Parliament of Canada
- Long title An Act respecting the safety of consumer products ;
- Citation: S.C. 2010, c. 21
- Considered by: House of Commons of Canada
- Considered by: Senate of Canada

Legislative history

First chamber: House of Commons of Canada
- Introduced by: Leona Aglukkaq MP, Minister of Health
- First reading: June 9, 2010
- Second reading: October 7, 2010
- Third reading: October 29, 2010

Second chamber: Senate of Canada
- Member(s) in charge: Yonah Martin
- First reading: November 2, 2010
- Second reading: November 18, 2010
- Third reading: December 13, 2010

= Canada Consumer Product Safety Act =

Canadian legislation

The Canada Consumer Product Safety Act (Loi canadienne sur la sécurité des produits de consommation) is an Act of the Parliament of Canada that passed into law on December 14, 2010. This law replaced Part I of the Hazardous Products Act. It was originally introduced in the 2nd session of the 39th Parliament of Canada as Bill C-52. It died in committee when the 2008 Canadian federal election was called, but was reintroduced in the second session of the 40th Parliament of Canada as Bill C-6 and was passed by both houses of Parliament but did not receive royal assent before Parliament was prorogued. It was introduced for a third time in the third session of the 40th Parliament as Bill C-36.

The legislative package amended the Hazardous Products Act (HPA) to regulate consumer products under the Canada Consumer Product Safety Act. These bills are a result of increased consumer concern over consumer products, such as children's toys, which have been the subject of recalls over the past few years. Canada's Hazardous Products Act had not been updated in over 40 years. Canada's regulatory system has not kept pace with the global economy and increasing amounts of international trade. The Minister of Health, for example, currently doesn't have the power to force the recall of faulty or counterfeit products in Canada.

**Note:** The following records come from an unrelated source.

lemma prob_on_conv:
  assumes \<nu>: "prob_on G \<nu>" and \<mu>: "prob_on G \<mu>"
  shows "prob_on G (conv G \<nu> \<mu>)"
proof -
  have "((\<lambda>s. conv G \<nu> \<mu> s * 1) has_sum 1) (carrier G)"
    using assms by (intro has_sum_conv_mult[where g = "\<lambda>_. 1"]) (auto simp: prob_on_def)
  moreover have "0 \<le> conv G \<nu> \<mu> s" if "s \<in> carrier G" for s
    unfolding conv_eq_moment using that by (intro moment_nonneg[OF \<nu>] prob_on_nonneg[OF \<mu>]) simp
  ultimately show ?thesis unfolding prob_on_def by simp
qed

lemma has_sum_unit: "((\<lambda>s. (if s = \<one> then 1 else 0) * f s) has_sum (f \<one> :: real)) (carrier G)"
proof -
  have "((\<lambda>s. (if s = \<one> then 1 else 0) * f s) has_sum f \<one>) {\<one>}" by (rule has_sum_finiteI) auto
  thus ?thesis by (rule has_sum_cong_neutral[THEN iffD1, rotated -1]) auto
qed

lemma prob_on_unit: "prob_on G (\<lambda>s. if s = \<one> then 1 else 0)"
  using has_sum_unit[of "\<lambda>_. 1"] unfolding prob_on_def by simp

lemma has_moment_unit: "has_moment G (\<lambda>s. if s = \<one> then 1 else 0) f"
  unfolding has_moment_def using has_sum_unit by (rule has_sum_imp_summable)

lemma conv_unit_right:
  assumes s: "s \<in> carrier G"
  shows "conv G \<nu> (\<lambda>s. if s = \<one> then 1 else 0) s = \<nu> s"
proof -
  have "conv G \<nu> (\<lambda>s. if s = \<one> then 1 else 0) s
      = (\<Sum>\<^sub>\<infinity>t\<in>{s}. \<nu> t * (if inv t \<otimes> s = \<one> then 1 else 0))"
    unfolding conv_def
  proof (rule infsum_cong_neutral)
    fix t assume "t \<in> carrier G - {s}"
    hence "inv t \<otimes> s \<noteq> \<one>" using s inv_solve_left'[of \<one> t s] by auto
    thus "\<nu> t * (if inv t \<otimes> s = \<one> then 1 else 0) = 0" by simp
  qed (use s in auto)
  also have "\<dots> = \<nu> s" using s by simp
  finally show ?thesis .
qed

lemma prob_on_conv_pow: "prob_on G \<mu> \<Longrightarrow> prob_on G (conv_pow G \<mu> n)"
  by (induction n) (auto intro: prob_on_conv prob_on_unit)

lemma conv_assoc:
  assumes \<nu>: "prob_on G \<nu>" and \<mu>: "prob_on G \<mu>" and \<rho>: "prob_on G \<rho>" and s: "s \<in> carrier G"
  shows "conv G (conv G \<nu> \<mu>) \<rho> s = conv G \<nu> (conv G \<mu> \<rho>) s"
proof -
  have "((\<lambda>u. \<mu> u * \<rho> (inv (t \<otimes> u) \<otimes> s)) has_sum conv G \<mu> \<rho> (inv t \<otimes> s)) (carrier G)"
    if t: "t \<in> carrier G" for t
  proof -
    have "conv G \<mu> \<rho> (inv t \<otimes> s) = moment G \<mu> (\<lambda>u. \<rho> (inv (t \<otimes> u) \<otimes> s))"
      unfolding conv_eq_moment moment_def using t s
      by (intro infsum_cong) (simp add: inv_mult_group m_assoc)
    moreover have "has_moment G \<mu> (\<lambda>u. \<rho> (inv (t \<otimes> u) \<otimes> s))"
      using t s by (intro bounded_moment(1)[OF \<mu>, where D = 1]) (simp add: prob_on_abs_le_1[OF \<rho>])
    ultimately show ?thesis by (simp add: has_moment_has_sum)
  qed
  moreover have "((\<lambda>t. \<nu> t * conv G \<mu> \<rho> (inv t \<otimes> s)) has_sum conv G \<nu> (conv G \<mu> \<rho>) s) (carrier G)"
    unfolding conv_eq_moment[of \<nu>]
    by (rule has_moment_has_sum[OF bounded_moment(1)[OF \<nu>, where D = 1]])
      (use s prob_on_abs_le_1[OF prob_on_conv[OF \<mu> \<rho>]] in simp)
  ultimately have "((\<lambda>x. conv G \<nu> \<mu> x * \<rho> (inv x \<otimes> s)) has_sum conv G \<nu> (conv G \<mu> \<rho>) s) (carrier G)"
    using s by (intro has_sum_conv_mult) (auto simp: prob_on_nonneg[OF \<nu>] prob_on_nonneg[OF \<mu>] prob_on_nonneg[OF \<rho>])
  thus ?thesis unfolding conv_def[of G "conv G \<nu> \<mu>"] by (rule infsumI)
qed

lemma conv_pow_add:
  assumes \<mu>: "prob_on G \<mu>" and s: "s \<in> carrier G"
  shows "conv_pow G \<mu> (n + m) s = conv G (conv_pow G \<mu> n) (conv_pow G \<mu> m) s"
  using s
proof (induction m arbitrary: s)
  case 0
  thus ?case by (simp add: conv_unit_right)
next
  case (Suc m)
  have "conv_pow G \<mu> (n + Suc m) s = conv G (conv G (conv_pow G \<mu> n) (conv_pow G \<mu> m)) \<mu> s"
    using Suc by (auto intro: conv_cong)
  also have "\<dots> = conv G (conv_pow G \<mu> n) (conv_pow G \<mu> (Suc m)) s"
    using Suc.prems by (simp add: conv_assoc prob_on_conv_pow \<mu>)
  finally show ?case .
qed

end

section \<open>Quasi-subadditive functions\<close>

locale quasi_subadditive = group G for G (structure) +
  fixes K :: real and h :: "'a \<Rightarrow> real"
  assumes nonneg: "s \<in> carrier G \<Longrightarrow> 0 \<le> h s"
    and subadditive: "s \<in> carrier G \<Longrightarrow> t \<in> carrier G \<Longrightarrow> h (s \<otimes> t) \<le> K + h s + h t"
begin

lemma moment_left_translate:
  assumes \<mu>: "prob_on G \<mu>" and h\<mu>: "has_moment G \<mu> h" and t: "t \<in> carrier G"
  shows "has_moment G \<mu> (\<lambda>u. h (t \<otimes> u))"
    and "moment G \<mu> (\<lambda>u. h (t \<otimes> u)) \<le> K + h t + moment G \<mu> h"
proof -
  have le: "h (t \<otimes> u) \<le> (K + h t) + h u" if "u \<in> carrier G" for u
    using subadditive[OF t that] by simp
  have maj: "has_moment G \<mu> (\<lambda>u. (K + h t) + h u)"
    by (intro has_moment_add has_moment_const \<mu> h\<mu>)
  show translate: "has_moment G \<mu> (\<lambda>u. h (t \<otimes> u))"
    using \<mu> maj by (rule has_moment_abs_le) (use le nonneg t in simp)
  have "moment G \<mu> (\<lambda>u. h (t \<otimes> u)) \<le> moment G \<mu> (\<lambda>u. (K + h t) + h u)"
    using \<mu> translate maj le by (rule moment_mono)
  also have "\<dots> = K + h t + moment G \<mu> h"
    by (simp add: moment_add has_moment_const \<mu> h\<mu> moment_const)
  finally show "moment G \<mu> (\<lambda>u. h (t \<otimes> u)) \<le> K + h t + moment G \<mu> h" .
qed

== Support for improving Consumer Product Safety ==
Health Canada consulted widely with industry and consumer groups over a period of several years before bringing forward the Consumer Product Safety Action Plan.

Health Canada regularly issues warnings, advisories and information updates to advise consumers of products on the market which contain toxic substances such as lead, mercury or arsenic; or are otherwise contaminated by dangerous and unhealthy substances. However under the previous legislation, the Minister of Health has no power to compel recall of these products. For example, Health Canada posted just over 300 recall notices in 2009. Roughly one third of these were for children's products. In 2009, about 1.5 million consumers were affected by crib recalls alone.